Although I’d immediately missed Brooke’s gentle presence after she left Haven, after my twelfth birthday, I realized that I’d taken her role in our family for granted. Without Brooke to fill the good-daughter shoes, my father was forced to turn his attention to me—and we all soon realized I was sorely lacking in that department. The daughter of an alpha was supposed to be a role model for the younger wolves, but I found it a struggle to keep my hands out of the dirt and my clothes clean, let alone to smile and help out around the village. And every time I failed, my father noticed and reprimanded me. For the first few weeks after my twelfth birthday, I hoped my father would eventually give up the struggle and focus on his new son, but instead, his rules simply became stricter and stricter, and Haven began to feel like a prison.
Meanwhile, I’d grown old enough to change into wolf form, and the more upset I got at my father’s restrictions, the more my shifts flew out of control. I hated the fact that I’d been born a girl, without the male ability to change form at will. In contrast, those of us unlucky enough to be born with two X chromosomes had to deal with what I liked to call “werewolf PMS from hell.” At that time of the month, human women cope with bloating, aches, and grumpiness, but the same hormones in werewolves cause us to change into wolf form at the drop of a hat, no matter how inconvenient fur and claws might be. This fact, more than anything else, was the reason werewolf packs were so repressively patriarchal, because the female werewolf really was the weaker vessel in need of shielding from the outside world. And I was even worse at controlling my shifts than most female wolves, which made my father’s disdain of my weakness yet more evident.
By the time I turned thirteen, I was flipping back and forth between wolf and human form dozens of times a month. My father was irate at my inability to control my wolf, and his frequent tirades made me shift even more often. Again, I had a hint of hope when I realized that the Chief was starting to give up on my potential to be a pack princess, meaning that I wasn’t likely to be married off to an alpha outside the pack to cement an alliance. But then I discovered that the only other alternative my father saw for me was to become the spinster daughter, hidden away in my attic bedroom for the rest of my life.

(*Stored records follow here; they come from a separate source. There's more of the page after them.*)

lemma twinsD: "twins x y \<Longrightarrow> \<exists>k w w'. x = Pre k w \<and> y = Pre k w' \<and> (\<forall>i<slice_log k. w i = w' i)"
  by (cases x; cases y) auto

lemma twins_sym: "twins x y \<Longrightarrow> twins y x"
  by (cases x; cases y) auto

lemma twins_trans: "twins x y \<Longrightarrow> twins y z \<Longrightarrow> twins x z"
  by (cases x; cases y; cases z) auto

lemma twins_cap: "twins x y \<Longrightarrow> cap x = cap y"
  using cap_level_cong by (cases x; cases y) auto

lemma twins_cap_split_level: "twins x y \<Longrightarrow> cap x = Some (split_level x y)"
proof -
  assume s: "twins x y"
  then obtain k w w' where kw: "x = Pre k w" "y = Pre k w'" "\<forall>i<slice_log k. w i = w' i"
    using twinsD by blast
  have cy: "cap y = Some (cap_level k w)" using twins_cap[OF s] kw by simp
  have "split_level x y \<le> cap_level k w" using kw by (intro split_level_le_cap) simp
  moreover have "cap_level k w \<le> split_level x y"
  proof (rule ccontr)
    assume "\<not> cap_level k w \<le> split_level x y"
    then have lt: "split_level x y < cap_level k w" by simp
    have "splits x y (split_level x y)"
      by (rule split_level_splits[of _ _ "cap_level k w"]) (simp add: splits_def kw)
    moreover have "split_level x y < slice_log k" using lt cap_level_bounds[of k w] by linarith
    ultimately show False using kw cy lt by (auto simp: splits_def)
  qed
  ultimately show ?thesis using kw by simp
qed

lemma odo_closeness_nonneg: "0 \<le> odo_closeness x y"
  unfolding odo_closeness_def using level_nonneg by (auto intro: add_nonneg_nonneg)

lemma closeness_nonneg: "0 \<le> closeness x y"
proof -
  have "0 \<le> fix_closeness x y" by (induction x y rule: fix_closeness.induct) auto
  then show ?thesis using odo_closeness_nonneg by (simp add: closeness_def)
qed

lemma odo_closeness_sym: "x \<noteq> y \<Longrightarrow> odo_closeness x y = odo_closeness y x"
proof -
  assume ne: "x \<noteq> y"
  show ?thesis
  proof (cases "twins x y")
    case True
    then have s2: "twins y x" by (rule twins_sym)
    obtain k w w' where kw: "x = Pre k w" "y = Pre k w'" using True twinsD by blast
    have "level (first_diff w w') w = level (first_diff w w') w'"
      using first_diff_prefix_eq by (intro level_cong) blast
    then show ?thesis using True s2 kw by (simp add: odo_closeness_def first_diff_sym)
  next
    case False
    then have s2: "\<not> twins y x" using twins_sym by blast
    have "level (split_level x y) (code x) = level (split_level x y) (code y)"
      using split_level_prefix_eq by (intro level_cong) blast
    then show ?thesis using False s2 by (simp add: odo_closeness_def split_level_sym)
  qed
qed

That realization prompted me to dive into my education, and for a while, school and books became a relief from my depressing home life. In Haven, all young werewolves studied at the village school, and most of us were expected to voluntarily end our schooling a few years after our first shifts began, when we were old enough to help out at home. But if a young werewolf showed aptitude for learning, he or she often continued studying under the schoolteachers, training to become a replacement teacher in the years to come. Since I wasn’t going to be a pack princess and was terrified of turning into a replica of my meek stepmother, I figured teaching would at least let me build a place for myself within the pack. However, on my fourteenth birthday, my father killed that dream just like all of my others. Waiting for me once again at the bottom of the stairs, the Chief informed me that I was no longer a student at the village school.
The ensuing shouting match woke Cricket and my one-year-old brother, the latter of whom soon drowned out my arguments with wordless complaints of his own. In my anger, I shifted into wolf form and fled to the woods, but I eventually came home hungry, my tail between my legs. My father was waiting at the door in his own fur form, and his reproving bite on the top of my muzzle wasn’t the ceremonial chastisement most alphas would use against an erring underling. Instead, the Chief’s teeth broke through my skin, and I picked at the scabs in human form for days thereafter.
The scabs were what finally pushed me over the edge and made me decide to leave the pack. “A werewolf can’t survive alone,” Cricket had told me months earlier when I sobbed on her shoulder about my hatred of Haven, and I’d believed her then. But I was starting to realize that my wolf couldn’t survive within my father’s pack either. It was quite normal for young males to leave the village and hunt down another pack in order to court unrelated females, and teenage girls sometimes spent time in the outside world as well, so the possibility was there. But only if I could learn to control my shifts.
So I began to hunt down the root of my uncontrollable changes to wolf form. Whenever I could slip away, I would retreat into the woods and practice shifting for hours, until my legs were so wobbly with the effort that they could barely carry me home. Out of spite, I maintained the illusion of being out of control around my father, but by the time I was sixteen, my wolf and I were acting more like a team and less like two duelists. As I practiced, I came to the conclusion that any unpleasant emotion could trigger the shift; even seeing a ball flying toward me out of the corner of my eye was sometimes enough to make the wolf pull out her fur to protect us both. So I worked on proving to my wolf that I could take care of myself, and I also learned to smooth over my emotions, even during that time of the month when they were especially hard to control.